(Data section begins)
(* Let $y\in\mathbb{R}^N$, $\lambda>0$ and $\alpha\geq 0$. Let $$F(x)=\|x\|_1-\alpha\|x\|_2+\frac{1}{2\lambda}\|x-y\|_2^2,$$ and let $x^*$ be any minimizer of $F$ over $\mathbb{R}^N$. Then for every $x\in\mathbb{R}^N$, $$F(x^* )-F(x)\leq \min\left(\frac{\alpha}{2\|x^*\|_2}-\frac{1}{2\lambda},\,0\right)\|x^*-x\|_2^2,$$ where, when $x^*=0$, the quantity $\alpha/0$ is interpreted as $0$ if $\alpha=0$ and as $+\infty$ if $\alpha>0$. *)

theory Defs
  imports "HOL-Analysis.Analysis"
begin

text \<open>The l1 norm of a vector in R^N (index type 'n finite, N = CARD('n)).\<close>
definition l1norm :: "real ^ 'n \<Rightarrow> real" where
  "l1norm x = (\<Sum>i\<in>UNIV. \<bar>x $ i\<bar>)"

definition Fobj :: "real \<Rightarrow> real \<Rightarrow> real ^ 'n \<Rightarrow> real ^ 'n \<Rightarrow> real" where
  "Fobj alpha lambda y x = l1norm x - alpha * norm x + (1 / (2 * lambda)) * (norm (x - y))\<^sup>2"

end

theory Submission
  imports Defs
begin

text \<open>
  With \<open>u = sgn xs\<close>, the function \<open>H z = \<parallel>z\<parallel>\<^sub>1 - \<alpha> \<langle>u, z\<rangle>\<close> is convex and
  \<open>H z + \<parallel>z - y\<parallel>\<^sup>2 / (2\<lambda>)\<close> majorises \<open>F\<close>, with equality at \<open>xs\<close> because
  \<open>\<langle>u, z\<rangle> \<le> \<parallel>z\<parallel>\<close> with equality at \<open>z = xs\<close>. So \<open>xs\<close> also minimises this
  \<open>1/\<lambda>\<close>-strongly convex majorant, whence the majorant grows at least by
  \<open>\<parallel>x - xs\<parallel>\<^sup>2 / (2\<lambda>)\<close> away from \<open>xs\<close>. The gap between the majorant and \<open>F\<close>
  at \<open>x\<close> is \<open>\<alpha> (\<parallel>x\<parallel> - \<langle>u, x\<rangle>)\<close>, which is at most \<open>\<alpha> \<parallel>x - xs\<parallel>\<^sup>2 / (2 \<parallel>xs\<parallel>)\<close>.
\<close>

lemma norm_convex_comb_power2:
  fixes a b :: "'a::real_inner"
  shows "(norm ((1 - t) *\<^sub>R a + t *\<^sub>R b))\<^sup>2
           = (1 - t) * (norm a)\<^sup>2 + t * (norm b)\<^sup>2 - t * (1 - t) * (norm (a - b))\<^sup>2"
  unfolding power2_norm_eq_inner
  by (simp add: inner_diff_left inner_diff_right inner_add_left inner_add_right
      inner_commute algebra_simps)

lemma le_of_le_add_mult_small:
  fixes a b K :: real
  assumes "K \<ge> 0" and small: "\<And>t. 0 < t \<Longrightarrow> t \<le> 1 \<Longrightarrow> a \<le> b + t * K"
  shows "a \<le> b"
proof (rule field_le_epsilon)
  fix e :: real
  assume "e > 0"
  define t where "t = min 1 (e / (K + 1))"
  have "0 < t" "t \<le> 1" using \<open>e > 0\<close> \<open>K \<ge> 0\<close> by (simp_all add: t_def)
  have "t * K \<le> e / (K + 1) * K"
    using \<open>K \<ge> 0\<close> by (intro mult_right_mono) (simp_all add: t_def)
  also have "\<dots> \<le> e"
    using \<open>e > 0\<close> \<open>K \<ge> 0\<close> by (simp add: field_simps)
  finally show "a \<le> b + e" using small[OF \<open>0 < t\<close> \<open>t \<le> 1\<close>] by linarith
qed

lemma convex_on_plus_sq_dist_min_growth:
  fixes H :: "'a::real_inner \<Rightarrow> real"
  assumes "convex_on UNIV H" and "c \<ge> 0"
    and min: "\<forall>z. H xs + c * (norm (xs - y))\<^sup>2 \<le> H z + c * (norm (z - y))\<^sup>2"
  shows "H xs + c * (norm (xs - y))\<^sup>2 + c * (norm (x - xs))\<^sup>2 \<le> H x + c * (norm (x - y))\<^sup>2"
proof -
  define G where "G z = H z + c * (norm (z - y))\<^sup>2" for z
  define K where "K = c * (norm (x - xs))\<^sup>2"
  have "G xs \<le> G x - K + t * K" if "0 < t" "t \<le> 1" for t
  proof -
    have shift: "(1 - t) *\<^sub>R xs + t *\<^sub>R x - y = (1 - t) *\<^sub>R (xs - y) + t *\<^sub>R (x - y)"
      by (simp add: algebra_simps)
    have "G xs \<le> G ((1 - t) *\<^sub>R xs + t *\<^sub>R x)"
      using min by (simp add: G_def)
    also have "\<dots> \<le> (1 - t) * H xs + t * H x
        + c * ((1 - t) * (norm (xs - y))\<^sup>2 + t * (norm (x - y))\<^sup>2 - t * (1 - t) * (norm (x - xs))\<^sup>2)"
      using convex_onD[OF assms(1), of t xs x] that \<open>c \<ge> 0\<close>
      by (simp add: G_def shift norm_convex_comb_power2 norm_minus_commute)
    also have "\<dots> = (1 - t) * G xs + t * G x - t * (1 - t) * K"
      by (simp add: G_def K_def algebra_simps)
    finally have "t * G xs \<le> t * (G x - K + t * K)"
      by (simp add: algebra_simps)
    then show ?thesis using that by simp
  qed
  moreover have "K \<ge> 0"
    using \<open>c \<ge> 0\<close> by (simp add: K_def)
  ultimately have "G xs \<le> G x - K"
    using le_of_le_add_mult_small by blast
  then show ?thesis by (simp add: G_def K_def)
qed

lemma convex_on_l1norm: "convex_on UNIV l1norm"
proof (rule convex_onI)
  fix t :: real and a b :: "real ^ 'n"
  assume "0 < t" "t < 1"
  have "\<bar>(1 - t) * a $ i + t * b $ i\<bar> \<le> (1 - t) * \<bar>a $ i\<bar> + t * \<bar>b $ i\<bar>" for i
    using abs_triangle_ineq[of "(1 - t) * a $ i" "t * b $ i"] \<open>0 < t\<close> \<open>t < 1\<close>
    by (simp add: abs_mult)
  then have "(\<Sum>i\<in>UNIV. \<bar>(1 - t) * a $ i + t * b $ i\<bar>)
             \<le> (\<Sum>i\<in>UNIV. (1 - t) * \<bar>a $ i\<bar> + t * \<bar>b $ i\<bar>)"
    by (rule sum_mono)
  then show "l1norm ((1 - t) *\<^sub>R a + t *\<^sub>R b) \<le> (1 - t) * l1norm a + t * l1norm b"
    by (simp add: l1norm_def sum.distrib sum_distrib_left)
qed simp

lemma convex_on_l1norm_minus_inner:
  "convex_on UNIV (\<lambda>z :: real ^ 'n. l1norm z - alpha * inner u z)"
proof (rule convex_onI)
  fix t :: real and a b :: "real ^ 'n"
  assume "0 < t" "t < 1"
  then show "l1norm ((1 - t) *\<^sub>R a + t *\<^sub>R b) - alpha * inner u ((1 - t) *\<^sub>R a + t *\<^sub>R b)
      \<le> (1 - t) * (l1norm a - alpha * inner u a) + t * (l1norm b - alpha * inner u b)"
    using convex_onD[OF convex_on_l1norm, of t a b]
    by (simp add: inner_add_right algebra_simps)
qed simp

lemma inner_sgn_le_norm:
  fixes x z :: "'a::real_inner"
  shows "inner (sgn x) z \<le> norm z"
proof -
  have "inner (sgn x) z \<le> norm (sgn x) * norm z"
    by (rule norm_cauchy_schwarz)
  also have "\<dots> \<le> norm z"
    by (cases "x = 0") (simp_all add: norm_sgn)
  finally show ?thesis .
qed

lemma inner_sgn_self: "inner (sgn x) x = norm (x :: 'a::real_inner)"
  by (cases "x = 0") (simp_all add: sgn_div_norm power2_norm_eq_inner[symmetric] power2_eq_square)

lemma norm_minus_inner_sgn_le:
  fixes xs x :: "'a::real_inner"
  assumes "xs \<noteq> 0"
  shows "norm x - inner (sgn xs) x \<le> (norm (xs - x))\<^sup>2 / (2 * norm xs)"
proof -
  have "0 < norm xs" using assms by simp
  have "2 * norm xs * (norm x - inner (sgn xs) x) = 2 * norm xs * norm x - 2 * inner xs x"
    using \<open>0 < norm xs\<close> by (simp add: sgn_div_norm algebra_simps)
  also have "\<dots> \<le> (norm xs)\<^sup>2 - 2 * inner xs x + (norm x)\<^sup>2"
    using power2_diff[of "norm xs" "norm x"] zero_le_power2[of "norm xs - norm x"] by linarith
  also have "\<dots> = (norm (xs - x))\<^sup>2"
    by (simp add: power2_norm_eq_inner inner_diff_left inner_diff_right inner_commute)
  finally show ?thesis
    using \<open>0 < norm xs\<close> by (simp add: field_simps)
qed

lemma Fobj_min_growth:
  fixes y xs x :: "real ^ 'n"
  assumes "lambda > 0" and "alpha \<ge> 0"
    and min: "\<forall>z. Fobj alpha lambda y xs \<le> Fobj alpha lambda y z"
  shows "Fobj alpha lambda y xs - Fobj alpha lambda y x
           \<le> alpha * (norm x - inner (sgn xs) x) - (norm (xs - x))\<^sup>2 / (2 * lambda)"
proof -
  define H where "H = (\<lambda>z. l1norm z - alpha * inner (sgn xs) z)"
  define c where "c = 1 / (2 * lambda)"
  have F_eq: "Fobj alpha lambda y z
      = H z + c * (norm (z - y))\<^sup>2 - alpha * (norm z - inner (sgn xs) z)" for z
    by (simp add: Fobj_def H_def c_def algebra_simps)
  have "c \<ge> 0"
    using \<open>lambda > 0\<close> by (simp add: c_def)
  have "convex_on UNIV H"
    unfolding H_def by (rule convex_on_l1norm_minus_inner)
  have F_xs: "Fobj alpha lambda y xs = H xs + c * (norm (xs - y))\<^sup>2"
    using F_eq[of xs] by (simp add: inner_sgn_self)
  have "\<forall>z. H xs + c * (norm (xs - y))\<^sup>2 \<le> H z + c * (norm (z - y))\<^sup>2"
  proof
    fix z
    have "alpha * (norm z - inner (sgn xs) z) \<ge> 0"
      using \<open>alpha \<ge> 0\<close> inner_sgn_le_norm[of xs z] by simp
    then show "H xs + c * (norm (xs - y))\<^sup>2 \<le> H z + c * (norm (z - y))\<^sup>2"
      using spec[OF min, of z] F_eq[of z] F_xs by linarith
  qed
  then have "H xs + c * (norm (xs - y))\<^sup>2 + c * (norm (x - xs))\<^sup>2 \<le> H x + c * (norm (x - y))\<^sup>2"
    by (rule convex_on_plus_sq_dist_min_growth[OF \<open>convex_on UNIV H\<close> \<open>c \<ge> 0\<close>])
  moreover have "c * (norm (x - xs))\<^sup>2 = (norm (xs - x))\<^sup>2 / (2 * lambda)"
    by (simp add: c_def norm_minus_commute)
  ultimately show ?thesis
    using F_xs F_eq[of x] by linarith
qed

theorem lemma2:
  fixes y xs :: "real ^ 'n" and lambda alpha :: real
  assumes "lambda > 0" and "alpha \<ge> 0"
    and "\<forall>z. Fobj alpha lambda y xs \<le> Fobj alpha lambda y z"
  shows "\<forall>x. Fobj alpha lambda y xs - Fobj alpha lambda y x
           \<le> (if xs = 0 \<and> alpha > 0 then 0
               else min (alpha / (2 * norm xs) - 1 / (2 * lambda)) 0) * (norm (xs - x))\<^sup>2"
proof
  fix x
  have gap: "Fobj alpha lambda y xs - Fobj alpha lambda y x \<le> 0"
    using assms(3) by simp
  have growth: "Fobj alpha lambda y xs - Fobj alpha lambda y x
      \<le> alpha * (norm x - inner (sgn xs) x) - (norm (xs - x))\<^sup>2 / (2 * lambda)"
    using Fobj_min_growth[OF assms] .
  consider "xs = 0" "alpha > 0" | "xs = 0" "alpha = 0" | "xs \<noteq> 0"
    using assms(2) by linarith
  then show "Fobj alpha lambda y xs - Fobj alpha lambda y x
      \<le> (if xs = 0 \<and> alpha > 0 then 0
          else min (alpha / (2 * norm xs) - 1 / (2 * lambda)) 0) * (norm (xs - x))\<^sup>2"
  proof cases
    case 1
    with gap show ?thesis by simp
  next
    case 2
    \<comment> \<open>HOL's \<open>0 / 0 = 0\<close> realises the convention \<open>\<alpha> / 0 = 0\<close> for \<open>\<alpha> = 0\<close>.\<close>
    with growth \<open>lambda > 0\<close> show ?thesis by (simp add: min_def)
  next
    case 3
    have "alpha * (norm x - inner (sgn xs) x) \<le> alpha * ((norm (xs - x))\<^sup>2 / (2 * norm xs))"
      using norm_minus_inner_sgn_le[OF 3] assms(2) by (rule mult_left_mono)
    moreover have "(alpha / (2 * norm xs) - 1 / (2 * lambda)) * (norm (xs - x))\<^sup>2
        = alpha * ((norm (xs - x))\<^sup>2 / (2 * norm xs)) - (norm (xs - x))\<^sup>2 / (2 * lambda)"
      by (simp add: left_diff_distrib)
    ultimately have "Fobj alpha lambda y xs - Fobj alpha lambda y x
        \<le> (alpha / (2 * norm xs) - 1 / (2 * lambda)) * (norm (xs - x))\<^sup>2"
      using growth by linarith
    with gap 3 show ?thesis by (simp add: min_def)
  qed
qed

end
(Data section ends)
→ **Exercise details**
Retype the records above, but only those lines that fall between the line containing "unfolding H_def by" and the line containing "xs) z) \<ge>", with both of those lines included, exactly as written.

→ **Response area**
    unfolding H_def by (rule convex_on_l1norm_minus_inner)
  have F_xs: "Fobj alpha lambda y xs = H xs + c * (norm (xs - y))\<^sup>2"
    using F_eq[of xs] by (simp add: inner_sgn_self)
  have "\<forall>z. H xs + c * (norm (xs - y))\<^sup>2 \<le> H z + c * (norm (z - y))\<^sup>2"
  proof
    fix z
    have "alpha * (norm z - inner (sgn xs) z) \<ge> 0"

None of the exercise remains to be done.